> **THE DATA**:

text \<open>Deimling's inequality bounds \<open>W (- u) u\<close> from above by the one-sided derivative of the
  norm at \<open>u\<close> in direction \<open>- u\<close>, which is \<open>- N u\<close>; subadditivity bounds it from below.\<close>
lemma pairing_minus_self:
  assumes W: "weak_pairing W" "wp_compatible W N" "deimling_ineq W N"
  shows "W (- u) u = - (N u)\<^sup>2"
proof -
  have "\<forall>\<^sub>F h in at_right 0. (N (u + h *\<^sub>R (- u)) - N u) / h = - N u"
  proof -
    have "\<forall>\<^sub>F h in at_right (0::real). 0 < h \<and> h < 1"
      using eventually_at_right_real[of 0 1] by simp
    then show ?thesis
    proof (rule eventually_mono)
      fix h :: real assume h: "0 < h \<and> h < 1"
      have "N (u + h *\<^sub>R (- u)) = (1 - h) * N u"
        using scale[of "1 - h" u] h by (simp add: algebra_simps)
      then show "(N (u + h *\<^sub>R (- u)) - N u) / h = - N u"
        using h by (simp add: field_simps)
    qed
  qed
  then have "((\<lambda>h. (N (u + h *\<^sub>R (- u)) - N u) / h) \<longlongrightarrow> - N u) (at_right 0)"
    by (rule tendsto_eventually)
  then have "Lim (at_right 0) (\<lambda>h. (N (u + h *\<^sub>R (- u)) - N u) / h) = - N u"
    by (intro tendsto_Lim) simp_all
  moreover have "W (- u) u \<le> N u * Lim (at_right 0) (\<lambda>h. (N (u + h *\<^sub>R (- u)) - N u) / h)"
    using W(3) unfolding deimling_ineq_def by blast
  ultimately have upper: "W (- u) u \<le> - (N u)\<^sup>2"
    by (simp add: power2_eq_square)
  have "0 = W (u + - u) u" using weak_pairing_zero_left[OF W(1)] by simp
  also have "\<dots> \<le> W u u + W (- u) u" by (rule weak_pairing_add_left[OF W(1)])
  finally show ?thesis using upper W(2) unfolding wp_compatible_def by simp
qed

lemma id_plus_scaled_expanding:
  assumes "monotone_wrt N F c" "0 \<le> \<alpha>"
  shows "(1 + \<alpha> * c) * N (x - y) \<le> N ((x + \<alpha> *\<^sub>R F x) - (y + \<alpha> *\<^sub>R F y))"
    (is "_ \<le> N ?G")
proof -
  obtain W where W: "weak_pairing W" "wp_compatible W N" "deimling_ineq W N"
    and mono: "c * (N (x - y))\<^sup>2 \<le> - W (- (F x - F y)) (x - y)"
    using assms(1) unfolding monotone_wrt_def by blast
  have "- ?G = - (x - y) + \<alpha> *\<^sub>R (- (F x - F y))" by (simp add: algebra_simps)
  then have "W (- ?G) (x - y) \<le> W (- (x - y)) (x - y) + W (\<alpha> *\<^sub>R (- (F x - F y))) (x - y)"
    by (simp only:) (rule weak_pairing_add_left[OF W(1)])
  also have "\<dots> \<le> - (N (x - y))\<^sup>2 - \<alpha> * (c * (N (x - y))\<^sup>2)"
    using pairing_minus_self[OF W, of "x - y"] mult_left_mono[OF mono assms(2)]
      weak_pairing_scaleR_left[OF W(1) assms(2), of "- (F x - F y)" "x - y"] by simp
  finally have "(1 + \<alpha> * c) * N (x - y) * N (x - y) \<le> - W (- ?G) (x - y)"
    by (simp add: algebra_simps power2_eq_square)
  also have "\<dots> \<le> N ?G * N (x - y)"
    using abs_le_D2[OF pairing_bound[OF W(1,2), of "- ?G" "x - y"]] minus[of ?G] by simp
  finally have *: "(1 + \<alpha> * c) * N (x - y) * N (x - y) \<le> N ?G * N (x - y)" .
  show ?thesis
  proof (cases "N (x - y) = 0")
    case False
    then show ?thesis using mult_right_le_imp_le[OF *] nonneg[of "x - y"] by simp
  qed (simp add: nonneg)
qed

lemma monotone_wrt_expanding:
  assumes "monotone_wrt N F c"
  shows "c * N (x - y) \<le> N (F x - F y)"
  using id_plus_scaled_expanding[OF assms, of 1 x y] triangle[of "x - y" "F x - F y"]
  by (simp add: algebra_simps)

end

lemma resolvent_eqI:
  assumes "bij (\<lambda>y. y + \<alpha> *\<^sub>R F y)" "y + \<alpha> *\<^sub>R F y = x"
  shows "resolvent \<alpha> F x = y"
  unfolding resolvent_def
  by (rule the_equality) (use assms bij_is_inj[OF assms(1)] in \<open>auto dest: injD\<close>)

lemma resolvent_solves:
  assumes "bij (\<lambda>y. y + \<alpha> *\<^sub>R F y)"
  shows "resolvent \<alpha> F x + \<alpha> *\<^sub>R F (resolvent \<alpha> F x) = x"
proof -
  obtain y where y: "y + \<alpha> *\<^sub>R F y = x" using surjD[OF bij_is_surj[OF assms], of x] by auto
  then have "resolvent \<alpha> F x = y" by (rule resolvent_eqI[OF assms])
  then show ?thesis using y by simp
qed

lemma proximal_iter_Suc: "proximal_iter \<alpha> F x0 (Suc k) = resolvent \<alpha> F (proximal_iter \<alpha> F x0 k)"
  unfolding proximal_iter_def by simp

context norm_fun
begin

lemma resolvent_bij:
  assumes "continuous_on UNIV F" "monotone_wrt N F c" "0 \<le> \<alpha>"
  shows "bij (\<lambda>y. y + \<alpha> *\<^sub>R F y)"
proof (rule expanding_bij)
  show "continuous_on UNIV (\<lambda>y. y + \<alpha> *\<^sub>R F y)"
    using assms(1) by (intro continuous_intros) auto
  show "1 + \<alpha> * c > 0" using assms(2,3) unfolding monotone_wrt_def by (simp add: add_pos_nonneg)
qed (rule id_plus_scaled_expanding[OF assms(2,3)])

lemma resolvent_lipschitz:
  assumes "continuous_on UNIV F" "monotone_wrt N F c" "0 \<le> \<alpha>"
  shows "(1 + \<alpha> * c) * N (resolvent \<alpha> F a - resolvent \<alpha> F b) \<le> N (a - b)"
  using id_plus_scaled_expanding[OF assms(2,3), of "resolvent \<alpha> F a" "resolvent \<alpha> F b"]
  by (simp add: resolvent_solves[OF resolvent_bij[OF assms]])

lemma resolvent_fixed_iff:
  assumes "continuous_on UNIV F" "monotone_wrt N F c" "0 < \<alpha>"
  shows "resolvent \<alpha> F p = p \<longleftrightarrow> F p = 0"
proof -
  have bij: "bij (\<lambda>y. y + \<alpha> *\<^sub>R F y)"
    using resolvent_bij[OF assms(1,2) less_imp_le[OF assms(3)]] .
  show ?thesis
  proof
    assume "resolvent \<alpha> F p = p"
    then show "F p = 0" using resolvent_solves[OF bij, of p] assms(3) by simp
  next
    assume "F p = 0"
    then show "resolvent \<alpha> F p = p" by (intro resolvent_eqI[OF bij]) simp
  qed
qed

theorem proximal_point_strongly_monotone:
  assumes cont: "continuous_on UNIV F" and mono: "monotone_wrt N F c" and "c > 0" "\<alpha> > 0"
  shows "\<exists>xs. F xs = 0 \<and> (\<forall>y. F y = 0 \<longrightarrow> y = xs) \<and> proximal_iter \<alpha> F x0 \<longlonglongrightarrow> xs \<and>
           (\<forall>k. N (proximal_iter \<alpha> F x0 (Suc k) - xs)
                  \<le> 1 / (1 + \<alpha> * c) * N (proximal_iter \<alpha> F x0 k - xs))"
proof -
  have "bij F" by (rule expanding_bij[OF cont \<open>c > 0\<close> monotone_wrt_expanding[OF mono]])
  then obtain xs where xs: "F xs = 0" using surjD[OF bij_is_surj, of F 0] by auto
  have unique: "y = xs" if "F y = 0" for y
    using injD[OF bij_is_inj[OF \<open>bij F\<close>], of y xs] xs that by simp
  have "resolvent \<alpha> F xs = xs" using resolvent_fixed_iff[OF cont mono \<open>\<alpha> > 0\<close>] xs by simp
  then have lip: "(1 + \<alpha> * c) * N (resolvent \<alpha> F a - xs) \<le> N (a - xs)" for a
    using resolvent_lipschitz[OF cont mono less_imp_le[OF \<open>\<alpha> > 0\<close>], of a xs] by simp
  define q where "q = 1 / (1 + \<alpha> * c)"
  have "1 < 1 + \<alpha> * c" using mult_pos_pos[OF \<open>\<alpha> > 0\<close> \<open>c > 0\<close>] by simp
  then have "0 \<le> q" "q < 1" unfolding q_def by simp_all
  have step: "N (resolvent \<alpha> F a - xs) \<le> q * N (a - xs)" for a
  proof -
    have "N (resolvent \<alpha> F a - xs) = q * ((1 + \<alpha> * c) * N (resolvent \<alpha> F a - xs))"
      unfolding q_def using \<open>1 < 1 + \<alpha> * c\<close> by simp
    also have "\<dots> \<le> q * N (a - xs)" using lip \<open>0 \<le> q\<close> by (rule mult_left_mono)
    finally show ?thesis .
  qed
  then have contraction:
      "N (proximal_iter \<alpha> F x0 (Suc k) - xs) \<le> q * N (proximal_iter \<alpha> F x0 k - xs)"
    for k unfolding proximal_iter_Suc .
  have "proximal_iter \<alpha> F x0 \<longlonglongrightarrow> xs"
    using \<open>0 \<le> q\<close> \<open>q < 1\<close> contraction by (rule geometric_decay_tendsto)
  then show ?thesis using xs unique contraction unfolding q_def by blast
qed

end

section \<open>Monotone Lipschitz maps do not increase the norm to first order\<close>

lemma AE_lborel_obtain_in_interval:
  fixes a b :: real
  assumes "AE t in lborel. P t" "a < b"
  obtains t where "a < t" "t < b" "P t"
proof -
  obtain M where M: "{t \<in> space lborel. \<not> P t} \<subseteq> M" "emeasure lborel M = 0" "M \<in> sets lborel"
    using assms(1) by (rule AE_E)
  have "\<not> {a<..<b} \<subseteq> M"
  proof
    assume "{a<..<b} \<subseteq> M"
    then have "emeasure lborel {a<..<b} \<le> emeasure lborel M" by (rule emeasure_mono) (use M in simp)
    then show False using M(2) assms(2) by simp
  qed
  then obtain t where "a < t" "t < b" "t \<notin> M" by (auto simp: subset_iff)
  moreover have "P t" using M(1) \<open>t \<notin> M\<close> by auto
  ultimately show ?thesis using that by blast
qed

definition nonascent :: "(real^'n \<Rightarrow> real) \<Rightarrow> real^'n \<Rightarrow> real^'n \<Rightarrow> bool" where
  "nonascent N z d \<longleftrightarrow> (\<forall>\<epsilon>>0. \<forall>\<^sub>F t in at_right 0. N (z + t *\<^sub>R d) \<le> N z + \<epsilon> * t)"

lemma nonascentE:
  assumes "nonascent N z d" "\<epsilon> > 0" "s > 0"
  obtains t where "0 < t" "t < s" "N (z + t *\<^sub>R d) \<le> N z + \<epsilon> * t"
proof -
  have "\<forall>\<^sub>F t in at_right 0. N (z + t *\<^sub>R d) \<le> N z + \<epsilon> * t"
    using assms(1,2) unfolding nonascent_def by blast
  then have "\<forall>\<^sub>F t in at_right 0. t \<in> {0<..<s} \<and> N (z + t *\<^sub>R d) \<le> N z + \<epsilon> * t"
    by (rule eventually_conj[OF eventually_at_right_real[OF \<open>s > 0\<close>]])
  then obtain t where "t \<in> {0<..<s}" "N (z + t *\<^sub>R d) \<le> N z + \<epsilon> * t"
    using eventually_happens'[OF trivial_limit_at_right_real] by blast
  then show ?thesis by (intro that) auto
qed

context norm_fun
begin

lemma convex_chord_le:
  assumes "0 < s" "s \<le> t"
  shows "N (z + s *\<^sub>R d) - N z \<le> s / t * (N (z + t *\<^sub>R d) - N z)"
proof -
  have "z + s *\<^sub>R d = (1 - s / t) *\<^sub>R z + (s / t) *\<^sub>R (z + t *\<^sub>R d)"
    using assms by (simp add: algebra_simps)
  then have "N (z + s *\<^sub>R d) \<le> (1 - s / t) * N z + s / t * N (z + t *\<^sub>R d)"
    using triangle[of "(1 - s / t) *\<^sub>R z" "(s / t) *\<^sub>R (z + t *\<^sub>R d)"] assms by (simp add: scale)
  then show ?thesis by (simp add: algebra_simps)
qed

> **PROBLEM DESCRIPTION**: Your response should be made up of the lines in the data that contain the word "dots".

> **ANSWER TO THIS PROBLEM**:
  also have "\<dots> \<le> W u u + W (- u) u" by (rule weak_pairing_add_left[OF W(1)])
  also have "\<dots> \<le> - (N (x - y))\<^sup>2 - \<alpha> * (c * (N (x - y))\<^sup>2)"
  also have "\<dots> \<le> N ?G * N (x - y)"
    also have "\<dots> \<le> q * N (a - xs)" using lip \<open>0 \<le> q\<close> by (rule mult_left_mono)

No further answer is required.